Investors’ attention to environmental, social, and governance (ESG) considerations continues to grow. COCPA members share how they’re helping clients prepare for the new opportuni ties while regulations are still in the works.

ESG reporting is an organization’s public disclosure of its environmental, social, and corporate governance data (ESG). The purpose of an ESG report is to ensure transparency into the organization’s ESG activities and measure its sustainability performance, allowing stakeholders such as investors and consumers to make better-informed decisions.

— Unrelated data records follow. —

lemma chain_system_iff_u:
  assumes n: "1 \<le> n" and beta: "\<forall>i\<in>{1..n}. chain_beta n a i \<noteq> 0"
  shows "chain_system n a w s \<longleftrightarrow>
    (\<forall>k\<in>{1..n}. chain_u n a s k = (\<Sum>j=k..n. chain_p n a k j * (w j / (real n)\<^sup>2)))"
proof -
  define r where "r j = w j / (real n)\<^sup>2" for j
  have beta_Suc: "chain_beta n a (Suc k) \<noteq> 0" if "k < n" for k
    using beta that by simp
  have "{1..n-1} = {1..<n}"
    using n by auto
  then have "chain_system n a w s \<longleftrightarrow>
      (\<forall>k\<in>{1..<n}. a k * s (Suc k) - 2 * s k + chain_lower a s k = - r k)
      \<and> chain_lower a s n - s n = - r n"
    by (simp add: chain_system_def chain_lower_def r_def)
  also have "\<dots> \<longleftrightarrow> chain_u n a s n = r n
      \<and> (\<forall>k\<in>{1..<n}. chain_u n a s k = r k + chain_c n a k * chain_u n a s (Suc k))"
  proof -
    have "\<forall>k\<in>{1..<n}. (a k * s (Suc k) - 2 * s k + chain_lower a s k = - r k \<longleftrightarrow>
        chain_u n a s k = r k + chain_c n a k * chain_u n a s (Suc k))"
      using tension_row_iff beta_Suc by auto
    then show ?thesis
      using tension_last_iff by blast
  qed
  also have "\<dots> \<longleftrightarrow> (\<forall>k\<in>{1..n}. chain_u n a s k = (\<Sum>j=k..n. chain_p n a k j * r j))"
    unfolding chain_p_prod by (rule backward_recurrence_iff[OF n])
  finally show ?thesis
    by (simp add: r_def)
qed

There are an increasing number of mandatory ESG regulations around the world. More are on the horizon, including here in the United States, where the Securities and Exchange Commission (SEC) says it will enact several new regulations before May, including disclosure requirements focused on climate risk.

Many of the proposed rules reflect the often-stated concern of SEC Chair Gary Gensler that publicly traded companies do not provide investors with enough information for determining the range and degree of risks to business operations. “Taken together, the items on this agenda would advance our three-part mission: to protect investors, maintain fair, orderly and efficient markets, and facilitate capital formation,” Gensler said in a statement.

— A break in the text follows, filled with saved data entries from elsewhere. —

(* Let $n,k$ be positive integers. Define $\varphi:[(k+1)n]\to[kn]$ by $\varphi(x)=x-\lfloor (x-1)/(k+1)\rfloor$ for $x<n(k+1)$ and $\varphi(n(k+1))=1$; thus $\varphi$ identifies exactly the pairs $\{k+1,k+2\},\{2(k+1),2(k+1)+1\},\dots,\{(n-1)(k+1),(n-1)(k+1)+1\},\{n(k+1),1\}$ and preserves the cyclic order otherwise. For $\pi\in NC_{k+1}(n)$ let $f(\pi)$ be the finest partition of $[kn]$ such that for every block $V\in\pi$ the set $\varphi(V)$ is contained in a single block of $f(\pi)$. Then $f(\pi)\in NC^k(n)$ for all $\pi\in NC_{k+1}(n)$, and $f:NC_{k+1}(n)\to NC^k(n)$ is a bijection.
   Context: A partition $\pi$ of $[N]=\{1,\dots,N\}$ is non-crossing if there are no $1\le a<b<c<d\le N$ with $a,c$ in one block and $b,d$ in another. $NC^k(n)$ is the set of non-crossing partitions of $[kn]$ all of whose blocks have size divisible by $k$. $NC_{k+1}(n)$ is the set of non-crossing partitions of $[(k+1)n]$ all of whose blocks have size exactly $k+1$. *)

theory Defs
  imports "HOL-Library.Disjoint_Sets"
begin

definition noncrossing :: "nat set set \<Rightarrow> bool" where
  "noncrossing P \<longleftrightarrow>
     \<not> (\<exists>a b c d B1 B2. B1 \<in> P \<and> B2 \<in> P \<and> B1 \<noteq> B2 \<and> a < b \<and> b < c \<and> c < d \<and>
           a \<in> B1 \<and> c \<in> B1 \<and> b \<in> B2 \<and> d \<in> B2)"

definition NC_upper :: "nat \<Rightarrow> nat \<Rightarrow> nat set set set" where
  "NC_upper k n = {P. partition_on {1..k*n} P \<and> noncrossing P \<and> (\<forall>B\<in>P. k dvd card B)}"

definition NC_lower :: "nat \<Rightarrow> nat \<Rightarrow> nat set set set" where
  "NC_lower m n = {P. partition_on {1..m*n} P \<and> noncrossing P \<and> (\<forall>B\<in>P. card B = m)}"

definition phi :: "nat \<Rightarrow> nat \<Rightarrow> nat \<Rightarrow> nat" where
  "phi k n x = (if x < n*(k+1) then x - (x - 1) div (k+1) else 1)"

definition refines :: "'a set set \<Rightarrow> 'a set set \<Rightarrow> bool" where
  "refines P Q \<longleftrightarrow> (\<forall>B\<in>P. \<exists>C\<in>Q. B \<subseteq> C)"

definition compatible :: "nat \<Rightarrow> nat \<Rightarrow> nat set set \<Rightarrow> nat set set \<Rightarrow> bool" where
  "compatible k n \<pi> \<sigma> \<longleftrightarrow> partition_on {1..k*n} \<sigma> \<and> (\<forall>V\<in>\<pi>. \<exists>B\<in>\<sigma>. phi k n ` V \<subseteq> B)"

definition fmap :: "nat \<Rightarrow> nat \<Rightarrow> nat set set \<Rightarrow> nat set set" where
  "fmap k n \<pi> = (THE \<sigma>. compatible k n \<pi> \<sigma> \<and> (\<forall>\<tau>. compatible k n \<pi> \<tau> \<longrightarrow> refines \<sigma> \<tau>))"

end

theory Submission
  imports Defs
begin

text \<open>Induction on \<open>n\<close>. Every non-crossing partition has a block that is an interval. Removing an
  interval block \<open>{a..<a+k+1}\<close> from \<open>\<pi> \<in> NC_{k+1}(n+1)\<close> leaves \<open>\<pi>' \<in> NC_{k+1}(n)\<close>, and \<open>f(\<pi>)\<close> is
  obtained from \<open>f(\<pi>')\<close> in one of two ways: if \<open>a\<close> is not the first point \<open>j(k+1)+1\<close> of a segment,
  \<open>\<phi>\<close> maps the interval onto an interval of length \<open>k\<close>, which is inserted as a new block; if it is,
  \<open>\<phi>\<close> maps it onto \<open>k+1\<close> consecutive points \<open>p..p+k\<close> (the last one glued with the next segment),
  and \<open>f(\<pi>)\<close> arises by inserting \<open>k\<close> new points after \<open>p\<close> into the block of \<open>p\<close>. Conversely every
  \<open>\<sigma> \<in> NC^k(n+1)\<close> has an interval block, which is either of size \<open>k\<close> or contains a window
  \<open>jk+1..jk+k+1\<close>, so it arises from some \<open>\<sigma>' \<in> NC^k(n)\<close> in one of the two ways. This gives
  surjectivity. For injectivity one shows that the shape of \<open>\<sigma>\<close> forces the corresponding block
  \<open>{a..<a+k+1}\<close> to lie in \<pi>; in the window case this uses that a block of \<pi> leaving the segment
  would split off a union of blocks of \<pi> that \<open>\<phi>\<close> does not glue to its complement, so that a
  block of \<open>f(\<pi>)\<close> containing the image of the segment could be split along it.\<close>

definition shift_up :: "nat \<Rightarrow> nat \<Rightarrow> nat \<Rightarrow> nat" where
  "shift_up L a x = (if x < a then x else x + L)"

definition shift_down :: "nat \<Rightarrow> nat \<Rightarrow> nat \<Rightarrow> nat" where
  "shift_down L a y = (if y < a then y else y - L)"

lemma shift_up_less_iff[simp]: "shift_up L a x < shift_up L a y \<longleftrightarrow> x < y"
  by (auto simp: shift_up_def)

lemma shift_up_eq_iff[simp]: "shift_up L a x = shift_up L a y \<longleftrightarrow> x = y"
  by (auto simp: shift_up_def)

lemma shift_up_le_iff[simp]: "shift_up L a x \<le> shift_up L a y \<longleftrightarrow> x \<le> y"
  by (auto simp: shift_up_def)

ESG extends far beyond the “E,” although environmental issues typically spring to mind when the topic of ESG comes up:

The E in ESG, environmental criteria, includes the energy that your company takes in and the waste it discharges, the resources it needs, and the consequences for living beings as a result. E also encompasses carbon emissions and climate change. Every company uses energy and resources; every company affects, and is affected by, the environment. “E” is where the SEC is currently focusing its regulatory efforts.

S, social criteria, addresses the relationships that your company has and the reputation it fosters with people and institutions in the communities where you do business. S includes labor relations and diversity and inclusion, and recognizes that every company operates within a broader, diverse society.

G, governance, is the internal system of practices, controls, and procedures that your company adopts in order to govern itself, make effective decisions, comply with the law, and meet the needs of external stakeholders.

Helping Clients Find Opportunities

Jim Burton, CPA, ESG and sustainability partner for Grant Thornton (GT) in Denver and a member of the COCPA ESG Working Group, says when GT leaders were going through their business planning process for 2020, they noticed that ESG kept presenting itself.

“We decided it was time to approach ESG in a more organized fashion,” he says, explaining that for several years prior, the firm had been offering ad hoc ESG solutions and services in advisory, audit, and tax. Burton himself left his chief auditor role and moved to the ESG group in spring 2021. “It has been going nonstop ever since,” he says. “It has been a great opportunity to tie all of our skill sets together and look for common needs that relate to very common and historic business opportunities and challenges that haven’t been perceived through an ESG lens. Now we’re coordinating everything.”

Burton says clients are turning to the firm for insight and help with defining risks and strategies for approaching opportunities. “One of the things we have to help clients understand is that notwithstanding today’s emotional, political, or geographic attention, the vast majority of ESG issues are actually business problems they’ve already dealt with for years,” he says. “Changes in consumer demand, regulations, the supply chain – these are all challenges they’ve faced for a long time.”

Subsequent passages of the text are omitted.